** How to complete this task **
Retype each line exactly as it stands, beginning at the first line of the material and finishing with the line that contains "unfolding f_def by".

** Records to use **
---
lemma orth_below_shift_weight:
  assumes w: "finite_moments w" and orth: "orth_below w A n"
  shows "orth_below (shift_weight w) (A \<circ>\<^sub>p [:-1, 1:]) n"
  unfolding orth_below_def
proof (intro allI impI)
  fix p :: "complex poly"
  assume "degree p < n"
  then have "moment_functional w (A * (p \<circ>\<^sub>p [:1, 1:])) = 0"
    using orth unfolding orth_below_def by (simp add: degree_pcompose)
  moreover have "(A \<circ>\<^sub>p [:-1, 1:] * p) \<circ>\<^sub>p [:1, 1:] = A * (p \<circ>\<^sub>p [:1, 1:])"
    by (simp add: pcompose_mult pcompose_pCons flip: pcompose_assoc)
  ultimately show "moment_functional (shift_weight w) (A \<circ>\<^sub>p [:-1, 1:] * p) = 0"
    by (simp add: moment_functional_shift_weight[OF w])
qed

lemma moment_functional_pcompose_shift:
  assumes w': "finite_moments w'" and w'0: "w' 0 = 1"
    and rel: "\<And>k. w' (Suc k) * (of_nat k + 1) = U * w k"
  shows "moment_functional w' (p \<circ>\<^sub>p [:-1, 1:])
           = poly p (-1) - U * (\<Sum>k. poly p (of_nat k) * w k / (-1 - of_nat k))"
proof -
  define f where "f = (\<lambda>k. poly (p \<circ>\<^sub>p [:-1, 1:]) (of_nat k) * w' k)"
  have f: "summable f"
    unfolding f_def by (rule summable_poly_weight[OF w'])
  have f_Suc: "(\<lambda>k. f (Suc k)) = (\<lambda>k. poly p (of_nat k) * w' (Suc k))"
    by (simp add: f_def poly_pcompose)
  have "moment_functional w' (p \<circ>\<^sub>p [:-1, 1:]) = f 0 + (\<Sum>k. f (Suc k))"
    using suminf_split_head[OF f] by (simp add: moment_functional_def f_def)
  also have "f 0 = poly p (-1)"
    using w'0 by (simp add: f_def poly_pcompose)
  also have "(\<Sum>k. f (Suc k)) = moment_functional (\<lambda>k. w' (Suc k)) p"
    by (simp add: f_Suc moment_functional_def)
  also have "\<dots> = - U * (\<Sum>k. poly p (of_nat k) * w k / (-1 - of_nat k))"
  proof (rule moment_functional_divided_weight)
    show "w' (Suc k) * (of_nat k - -1) = U * w k" for k
      using rel[of k] by simp
    show "- 1 \<noteq> (of_nat k :: complex)" for k
    proof
      assume "- 1 = (of_nat k :: complex)"
      then have "Re (- 1) = Re (of_nat k)"
        by simp
      then show False
        by simp
    qed
    show "summable (\<lambda>k. poly p (of_nat k) * w' (Suc k))"
      using f by (simp flip: f_Suc add: summable_Suc_iff)
  qed
  finally show ?thesis
    by simp
qed

lemma geronimus_shift_OP:
  assumes w: "good_weight w" and w': "good_weight w'" and n: "n \<ge> 1"
    and w'0: "w' 0 = 1" and rel: "\<And>k. w' (Suc k) * (of_nat k + 1) = U * w k"
    and den: "U * Qfun w (n - 1) (-1) - poly (OP w (n - 1)) (-1) \<noteq> 0"
  defines "c \<equiv> (U * Qfun w n (-1) - poly (OP w n) (-1)) / (U * Qfun w (n - 1) (-1) - poly (OP w (n - 1)) (-1))"
  shows "OP w' n = OP w n \<circ>\<^sub>p [:-1, 1:] - Polynomial.smult c (OP w (n - 1) \<circ>\<^sub>p [:-1, 1:])"
proof -
  have fm: "finite_moments w" "finite_moments w'"
    using w w' by (simp_all add: good_weight_iff)
  define A where "A = OP w n - Polynomial.smult c (OP w (n - 1))"
  have A_shift: "A \<circ>\<^sub>p [:-1, 1:] = OP w n \<circ>\<^sub>p [:-1, 1:] - Polynomial.smult c (OP w (n - 1) \<circ>\<^sub>p [:-1, 1:])"
    by (simp add: A_def pcompose_diff pcompose_smult)
  have factor_rel: "w' k * (of_nat k - 0) = U * shift_weight w k" for k
    using rel by (cases k) (simp_all add: shift_weight_def add.commute)
  have Q: "moment_functional w' (OP w j \<circ>\<^sub>p [:-1, 1:]) = poly (OP w j) (-1) - U * Qfun w j (-1)" for j
    unfolding Qfun_def by (rule moment_functional_pcompose_shift[OF fm(2) w'0 rel])
  have "orth_below w' (A \<circ>\<^sub>p [:-1, 1:]) n"
  proof (rule orth_below_geronimus[OF fm(2)])
    show "moment_functional w' ([:-0, 1:] * q) = U * moment_functional (shift_weight w) q" for q
      by (rule moment_functional_linear_factor[OF finite_moments_shift_weight[OF fm(1)] factor_rel])
    have "orth_below w (OP w n) (n - 1)"
      by (rule orth_below_mono[OF orth_below_OP[OF w]]) simp
    then have "orth_below w A (n - 1)"
      unfolding A_def by (intro orth_below_diff_smult[OF fm(1)] orth_below_OP[OF w])
    then show "orth_below (shift_weight w) (A \<circ>\<^sub>p [:-1, 1:]) (n - 1)"
      by (rule orth_below_shift_weight[OF fm(1)])
    show "moment_functional w' (A \<circ>\<^sub>p [:-1, 1:]) = 0"
      using den unfolding A_shift c_def
      by (simp add: moment_functional_diff[OF fm(2)] moment_functional_smult[OF fm(2)] Q field_simps)
  qed
  moreover have "degree (OP w j \<circ>\<^sub>p [:-1, 1:]) = j" "lead_coeff (OP w j \<circ>\<^sub>p [:-1, 1:]) = 1" for j
    using degree_OP[OF w, of j] lead_coeff_OP[OF w, of j] lead_coeff_comp[of "[:-1, 1:]" "OP w j"]
    by (simp_all add: degree_pcompose)
  moreover have "n - 1 < n"
    using n by simp
  ultimately show ?thesis
    unfolding A_shift using monic_diff_smult_lower_degree by (metis OP_eqI[OF w'])
qed

section \<open>The hypergeometric weight\<close>

lemma poch_of_nat_eq_pochhammer: "z \<notin> \<int>\<^sub>\<le>\<^sub>0 \<Longrightarrow> poch z (of_nat k) = pochhammer z k"
  by (simp add: poch_def pochhammer_Gamma)

lemma diff_one_notin_nonpos_Ints:
  fixes z :: complex
  assumes "z \<notin> \<int>\<^sub>\<le>\<^sub>0" "z \<noteq> 1"
  shows "z - 1 \<notin> \<int>\<^sub>\<le>\<^sub>0"
proof
  assume "z - 1 \<in> \<int>\<^sub>\<le>\<^sub>0"
  then obtain m where m: "z - 1 = - of_nat m"
    by (elim nonpos_Ints_cases')
  show False
  proof (cases m)
    case 0
    then show False using m assms(2) by simp
  next
    case (Suc l)
    then have "z = - of_nat l"
      using m by (simp add: algebra_simps eq_neg_iff_add_eq_0)
    then show False using assms(1) by simp
  qed
qed

lemma prod_list_map_mult:
  "prod_list (map (\<lambda>x. f x * g x) xs) = prod_list (map f xs) * prod_list (map g xs)"
  for f g :: "'a \<Rightarrow> 'b::comm_monoid_mult"
  by (induction xs) (simp_all add: mult_ac)

lemma prod_list_map_update:
  fixes f :: "'a \<Rightarrow> 'b::comm_monoid_mult"
  assumes "i < length xs"
  obtains r where "prod_list (map f xs) = r * f (xs ! i)" "prod_list (map f (xs[i := y])) = r * f y"
proof
  let ?r = "prod_list (map f (take i xs)) * prod_list (map f (drop (Suc i) xs))"
  show "prod_list (map f xs) = ?r * f (xs ! i)"
    by (subst id_take_nth_drop[OF assms]) (simp add: mult_ac)
  show "prod_list (map f (xs[i := y])) = ?r * f y"
    by (simp add: upd_conv_take_nth_drop[OF assms] mult_ac)
qed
---
** Answer to this problem **
lemma orth_below_shift_weight:
  assumes w: "finite_moments w" and orth: "orth_below w A n"
  shows "orth_below (shift_weight w) (A \<circ>\<^sub>p [:-1, 1:]) n"
  unfolding orth_below_def
proof (intro allI impI)
  fix p :: "complex poly"
  assume "degree p < n"
  then have "moment_functional w (A * (p \<circ>\<^sub>p [:1, 1:])) = 0"
    using orth unfolding orth_below_def by (simp add: degree_pcompose)
  moreover have "(A \<circ>\<^sub>p [:-1, 1:] * p) \<circ>\<^sub>p [:1, 1:] = A * (p \<circ>\<^sub>p [:1, 1:])"
    by (simp add: pcompose_mult pcompose_pCons flip: pcompose_assoc)
  ultimately show "moment_functional (shift_weight w) (A \<circ>\<^sub>p [:-1, 1:] * p) = 0"
    by (simp add: moment_functional_shift_weight[OF w])
qed

lemma moment_functional_pcompose_shift:
  assumes w': "finite_moments w'" and w'0: "w' 0 = 1"
    and rel: "\<And>k. w' (Suc k) * (of_nat k + 1) = U * w k"
  shows "moment_functional w' (p \<circ>\<^sub>p [:-1, 1:])
           = poly p (-1) - U * (\<Sum>k. poly p (of_nat k) * w k / (-1 - of_nat k))"
proof -
  define f where "f = (\<lambda>k. poly (p \<circ>\<^sub>p [:-1, 1:]) (of_nat k) * w' k)"
  have f: "summable f"
    unfolding f_def by (rule summable_poly_weight[OF w'])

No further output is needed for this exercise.